Diese Leitlinie stammt aus 2020 und ist möglicherweise nicht mehr aktuell. Aktualität beim Herausgeber prüfen
KI-generierte Zusammenfassung|Quelle: Cochrane (2020)|Keine Diagnose- oder Therapieempfehlung

Hintergrund

Der plötzliche unerwartete Tod bei Epilepsie (SUDEP) ist die häufigste epilepsiebedingte Todesursache. Die Inzidenz liegt bei etwa 1 bis 2 Todesfällen pro 1000 Patientenjahren.

Als stärkster Prädiktor für das SUDEP-Risiko gilt das Auftreten und die Häufigkeit von generalisierten tonisch-klonischen Anfällen (GTCS). Weitere Risikofaktoren umfassen männliches Geschlecht, ein frühes Erkrankungsalter, eine lange Epilepsiedauer sowie Polytherapie.

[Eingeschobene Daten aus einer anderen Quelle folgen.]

lemma inj_on_transpose_apply:
  assumes "inj_on f A" and "a \<in> A" and "b \<in> A" and "x \<in> A"
  shows "f (transpose a b x) = transpose (f a) (f b) (f x)"
  using assms by (auto simp: transpose_def dest: inj_onD)

lemma offsets_of_interval_avoiding:
  assumes "n > 0" and "r > 0" and "r \<le> n" and "v \<in> {1..n}"
    and "v \<notin> interval_positions n r b"
  shows "\<exists>w\<ge>1. \<forall>p\<in>interval_positions n r b. w \<le> offset n v p \<and> offset n v p < w + int r"
proof (intro exI conjI ballI)
  have gap: "int r \<le> (int v - int b) mod int n"
    using assms mem_interval_positions_iff by (meson not_less)
  have w_eq: "offset n v b = int n - (int v - int b) mod int n"
  proof -
    have "(int v - int b) mod int n \<noteq> 0"
      using gap assms(2) by auto
    then show ?thesis
      unfolding offset_def by (subst minus_diff_eq[symmetric], subst zmod_zminus1_eq_if) simp
  qed
  have gap_lt: "(int v - int b) mod int n < int n"
    using assms(1) by simp
  with w_eq show "1 \<le> offset n v b"
    by linarith
  fix p assume p: "p \<in> interval_positions n r b"
  have "p \<in> {1..n}"
    using p interval_positions_subset[OF assms(1)] by blast
  then have lt: "0 \<le> (int p - int b) mod int n" "(int p - int b) mod int n < int r"
    using p assms(1) mem_interval_positions_iff[OF assms(1,3)] by auto
  have "offset n v p = ((int b - int v) + (int p - int b)) mod int n"
    unfolding offset_def by simp
  also have "\<dots> = (offset n v b + (int p - int b) mod int n) mod int n"
    unfolding offset_def by (metis mod_add_eq)
  also have "\<dots> = offset n v b + (int p - int b) mod int n"
    using w_eq gap gap_lt lt by (intro mod_pos_pos_trivial) linarith+
  finally show "offset n v b \<le> offset n v p" "offset n v p < offset n v b + int r"
    using lt by auto
qed

lemma transpose_adjacent_window:
  fixes c w :: int
  assumes "1 \<le> c" and "1 \<le> w"
  shows "\<exists>a\<ge>1. \<forall>e\<in>{w..<w + int r}. a \<le> transpose c (c + 1) e \<and> transpose c (c + 1) e \<le> a + int r"
proof (intro exI conjI ballI)
  let ?a = "if c + 1 = w then c else w"
  show "1 \<le> ?a"
    using assms by simp
  fix e assume "e \<in> {w..<w + int r}"
  then show "?a \<le> transpose c (c + 1) e" "transpose c (c + 1) e \<le> ?a + int r"
    by (auto simp: transpose_def)
qed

Die genaue Pathophysiologie ist laut dem Cochrane Review (2020) noch unbekannt. Es wird jedoch eine durch GTCS ausgelöste kardiale, respiratorische und hirnstammbedingte Dysfunktion vermutet.

Empfehlungen

Der Review analysiert verschiedene präventive Maßnahmen, weist jedoch auf eine insgesamt sehr geringe Evidenzlage hin.

Nächtliche Überwachung

Es wird eine schützende Wirkung der nächtlichen Überwachung vor SUDEP beschrieben (sehr niedrige Vertrauenswürdigkeit der Evidenz). Zwei Fall-Kontroll-Studien zeigten einen protektiven Effekt durch die Anwesenheit einer Aufsichtsperson im selben Schlafzimmer.

Eine zusätzliche Erhöhung der Überwachungsfrequenz in Wohnheimen, die bereits regelmäßige Kontrollen durchführen, zeigte keinen weiteren signifikanten Nutzen. Es fiel jedoch auf, dass das Zentrum mit dem niedrigsten Überwachungsniveau die meisten SUDEP-Todesfälle verzeichnete.

Aufklärung und Information

Die gezielte Aufklärung über SUDEP zeigte in einer sechsmonatigen Kohortenstudie keine signifikanten Auswirkungen auf:

  • Die Medikamenten-Adhärenz

  • Das Ausmaß von Angstzuständen

  • Die Depressionswerte oder die Lebensqualität

Da in dieser Studie keine Todesfälle auftraten, bleibt der direkte protektive Effekt der Informationsvermittlung auf das SUDEP-Risiko unklar.

Weitere Interventionen

Für folgende Maßnahmen konnte die Analyse keine ausreichende Evidenz zur SUDEP-Prävention ermitteln:

  • Anfallserkennungsgeräte und Bettmonitore

  • Spezielle Sicherheitskissen (Anti-Erstickungs-Kissen)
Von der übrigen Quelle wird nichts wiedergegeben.